И тут подошла наша очередь. Костюмерши не смотрели на наши лица, они только спрашивали размер – одежды, обуви – и тут же метали на стол наши «исторические костюмы». Вальке досталось бабушкино пальто, а нам со Стрельниковой – ватники. Вальке – пуховый платок, а нам – старые бесформенные шапки. Ноги ухнули в валенки с галошами. Но для меня не нашлось нужного размера, поэтому мне выдали какой-то сборный вариант: один валенок нужного размера, но дырявый и без галоши. Второй – в галоше, но просторный. Ногу приходилось подволакивать. Но ничего, сказала я себе, может быть, у меня ранена эта нога или обморожена. Всякое может быть.

Пахли наряды так же, как в секонд-хенде – дезинфекцией, и немножко пылью, немножко старым чемоданом. В общем, так, наверное, и пахло кино.

Мы закутались в тряпки и выстроились в новую очередь – к автобусу.

В автобусе сели на задний ряд. В городе ещё было темно, и на улицах – пусто, и среди людской массы пассажиров – тихо. Выглядела людская масса как пленники, покорно едущие на убой. И только один здоровенный парень в шапке-ушанке громко рассказывал соседу, как всё будет происходить. Обед будет у актёров, а у нас только чай, но бесплатный. Два перерыва. Двадцать дублей. Зарплата через месяц.

Рассказчика я обозвала про себя Бывалым.

Меня заклонило в сон, и совсем расхотелось куда-то ехать и что-то делать. А вдруг нам действительно придётся «умирать» и двадцать раз подряд падать в грязный снег? Мы простудимся? И нашей зарплаты нам хватит только на лекарства?

Вдруг мне стало стыдно своих мыслей. Нет, не выдержала бы я пыток, однозначно.

Мы ехали и ехали. И мне всё казалось, что сейчас кто-то, как экскурсовод, должен рассказать нам, куда же нас везут и что от нас требуется. Автобус походил на экскурсионный и этим расслаблял, настраивал на отдых. Но впереди нас ждала работа! Настоящая работа впервые в жизни.

Уже рассвело, когда мы въехали на Елагин остров. Нас выпустили из автобуса и повели на лужайку перед дворцом. То есть это летом она – лужайка с травкой, «по газонам не ходить»… А сейчас, ранней весной, она была покрыта подтаявшим снегом, местами образующим довольно глубокие лужи. Впереди толпы выступил какой-то мужчина и, кажется, стал объяснять нам нашу задачу. Но слова уносило ветром, и мы переспрашивали впереди стоящих, поняли они что-нибудь или нет.

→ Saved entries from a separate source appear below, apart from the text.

(* Let $k$ be a commutative artin ring, let $\Lambda$ be an artin $k$-algebra, let $X$ and $Y$ be finite length $\Lambda$-modules, and let $M\subseteq X\oplus Y$ be a submodule. Then there exist submodules $X'\subseteq X$ and $Y'\subseteq Y$ such that $M\leq_{\mathrm{deg}}X'\oplus Y'$.
   Context: For finite length $\Lambda$-modules $M,N$, one writes $M\leq_{\mathrm{deg}}N$ if there exist a finite length $\Lambda$-module $Z$ and a short exact sequence of $\Lambda$-modules $0\to Z\to M\oplus Z\to N\to 0$. *)

theory Defs
  imports "HOL-Algebra.Algebra"
begin

text \<open>Left modules over a (not necessarily commutative) ring R.  The library locale
  module requires a commutative ring, so we state the axioms for an arbitrary ring.\<close>
definition left_module :: "('r, 'c) ring_scheme \<Rightarrow> ('r, 'a) module \<Rightarrow> bool" where
  "left_module R M \<longleftrightarrow> ring R \<and> abelian_group M \<and>
     (\<forall>a\<in>carrier R. \<forall>x\<in>carrier M. a \<odot>\<^bsub>M\<^esub> x \<in> carrier M) \<and>
     (\<forall>a\<in>carrier R. \<forall>b\<in>carrier R. \<forall>x\<in>carrier M.
        (a \<oplus>\<^bsub>R\<^esub> b) \<odot>\<^bsub>M\<^esub> x = a \<odot>\<^bsub>M\<^esub> x \<oplus>\<^bsub>M\<^esub> b \<odot>\<^bsub>M\<^esub> x) \<and>
     (\<forall>a\<in>carrier R. \<forall>x\<in>carrier M. \<forall>y\<in>carrier M.
        a \<odot>\<^bsub>M\<^esub> (x \<oplus>\<^bsub>M\<^esub> y) = a \<odot>\<^bsub>M\<^esub> x \<oplus>\<^bsub>M\<^esub> a \<odot>\<^bsub>M\<^esub> y) \<and>
     (\<forall>a\<in>carrier R. \<forall>b\<in>carrier R. \<forall>x\<in>carrier M.
        (a \<otimes>\<^bsub>R\<^esub> b) \<odot>\<^bsub>M\<^esub> x = a \<odot>\<^bsub>M\<^esub> (b \<odot>\<^bsub>M\<^esub> x)) \<and>
     (\<forall>x\<in>carrier M. \<one>\<^bsub>R\<^esub> \<odot>\<^bsub>M\<^esub> x = x)"
(* Let $A\in\mathbb{R}^{m\times n}$, $b\in\mathcal{R}(A)$, and let $f:\mathbb{R}^n\to\mathbb{R}$ be $\alpha$-strongly convex. Let $\hat x$ be the unique solution of $\min_{x\in\mathbb{R}^n} f(x)$ subject to $Ax=b$, and assume that the subdifferential mapping $\partial f$ is calm at $\hat x$ and that the collection $\{\partial f(\hat x),\mathcal{R}(A^T)\}$ is linearly regular. Let $I_1,\dots,I_r$ be a (not necessarily disjoint) covering of $\{1,\dots,m\}$, let $A_i$ be the submatrix of rows of $A$ indexed by $I_i$ and $b_i$ the subvector of $b$ indexed by $I_i$, and assign each index $i\in\{1,\dots,r\}$ arbitrarily either to $I_C$ or to $I_Q$. Run the algorithm described in the context with $x_0^*\in\mathcal{R}(A^T)$, $x_0=\nabla f^*(x_0^* )$ and probabilities $p_i>0$. Then the iterates converge in expectation to $\hat x$ at a linear rate: there are constants $q\in(0,1)$ and $c>0$ such that for all $k$ \[ \mathbb{E}\left[D_f^{x_{k+1}^*}(x_{k+1},\hat x)\right] \le q\cdot \mathbb{E}\left[D_f^{x_k^*}(x_k,\hat x)\right] \quad\text{and}\quad \mathbb{E}\left[\|x_k-\hat x\|_2\right]\le c\cdot q^{k/2}. \]
   Context: $f$ is $\alpha$-strongly convex ($\alpha>0$) if $f(y)\ge f(x)+\langle x^*,y-x\rangle+\frac{\alpha}{2}\|y-x\|_2^2$ for all $x,y$, $x^*\in\partial f(x)$; its conjugate $f^*(x^* )=\sup_x\langle x^*,x\rangle-f(x)$ is then differentiable with Lipschitz gradient. Bregman distance: $D_f^{x^*}(x,y)=f(y)-f(x)-\langle x^*,y-x\rangle$. $\mathcal{R}(\cdot)$ is the range. A set-valued map $S:\mathbb{R}^n\rightrightarrows\mathbb{R}^n$ is calm at $\hat x$ if $S(\hat x)\neq\emptyset$ and there are $\epsilon,L>0$ with $S(x)\subset S(\hat x)+L\|x-\hat x\|_2 B_1$ whenever $\|x-\hat x\|_2\le\epsilon$, where $B_1$ is the closed Euclidean unit ball. Two closed convex sets $D_1,D_2$ with nonempty intersection are linearly regular if there is $\gamma>0$ with $\operatorname{dist}(x,D_1\cap D_2)^2\le\gamma(\operatorname{dist}(x,D_1)^2+\operatorname{dist}(x,D_2)^2)$ for all $x\in\mathbb{R}^n$ (Euclidean distances). Algorithm: for $k=0,1,\dots$ choose $i_k\in\{1,\dots,r\}$ independently with $P(i_k=i)=p_i$ ($\sum p_i=1$); write $i=i_k$. If $i\in I_C$: let $\hat w$ be a minimizer of $w\mapsto f^*(x_k^*-A_i^Tw)+\langle w,b_i\rangle$ and set $x_{k+1}^*=x_k^*-A_i^T\hat w$, $x_{k+1}=\nabla f^*(x_{k+1}^* )$ (this $x_{k+1}$ is the Bregman projection of $x_k$ onto $\{x:A_ix=b_i\}$, i.e. the minimizer of $D_f^{x_k^*}(x_k,\cdot)$ over that set). If $i\in I_Q$ (with $Q_i=\{b_i\}$): set $w_k=A_ix_k-b_i$, $\beta_k=\langle A_i^Tw_k,x_k\rangle-\|w_k\|_2^2$, let $t_k$ minimize $t\mapsto f^*(x_k^*-tA_i^Tw_k)+t\beta_k$ over $t\in\mathbb{R}$, and set $x_{k+1}^*=x_k^*-t_kA_i^Tw_k$, $x_{k+1}=\nabla f^*(x_{k+1}^* )$ (the Bregman projection of $x_k$ onto the half-space $\{x:\langle A_i^Tw_k,x\rangle\le\beta_k\}$); if $w_k=0$ then $x_{k+1}=x_k$, $x_{k+1}^*=x_k^*$. Expectations are over the random indices. *)

theory Defs
  imports "HOL-Analysis.Analysis"
begin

Наши коллеги сообщили нам отрывочные сведения. Мы – местные жители. Нас согнали полицаи с собаками на показательную казнь двоих партизан. Чтобы нам неповадно было.

Толпа ходила ходуном, люди как-то хаотически двигались, каждый по своей траектории, как вдруг я ощутила, что движение становится общим и направляется к центру, и впереди стоящие пятятся на нас, а стоящие позади поджимают сзади. Было слышно тревожное бормотание. А ещё впереди, ближе к дворцу, что-то происходило, но никак нельзя было рассмотреть что. Справа прошёл Бывалый в ватнике нараспашку, его тянула вперёд настоящая овчарка. Бывалому досталась роль полицая. «Стоять! – закричал он. – Не расходиться! Глаза не опускать!» И собаки, как по команде, залаяли.

Не знаю, как Вальке и Стрельниковой, но мне стало до одури страшно. Я вцепилась в Валькин рукав. Мне захотелось забраться в самую середину в толпе, чтобы собаки меня не достали. Но всем моим соседям хотелось, видимо, ровно того же, и толпа волновалась от каждого рывка собачьего поводка.

Кто-то толкнул меня, отбил от Вальки. Стрельникову я совсем потеряла из виду, меня вынесло вперёд – и тут я увидела. Увидела, что там, у дворца, происходит.

Там вешали партизан. Их было двое: молодой мужчина и молодая женщина. Они стояли на невысоком помосте, в разорванных рубахах, измученные, на шее у каждого висела деревянная табличка, на которой корявой вражеской рукой было написано «Смерть партизанам!». Руки у них были связаны, а вокруг суетились исполнители приговора, поправляли верёвки, делали свою чёрную работу. И вот… и вот… И вот близилась ужасная минута, и собаки просто надрывались от лая, некоторые так прямо задыхались, хрипя. Люди вокруг стали закрывать лицо руками, но я смотрела, я всё видела. Фашисты дёрнули что-то за помостом, и женщина-партизан успела крикнуть: «Ненавижу!» – так громко она это крикнула, что у меня заколотилось сердце и мурашки по спине побежали. И я зажмурилась, но успела увидеть, как тела партизан взлетели вверх. Я поняла, что вот они сейчас умрут, и этого никак не поправить, ничего никогда не вернуть.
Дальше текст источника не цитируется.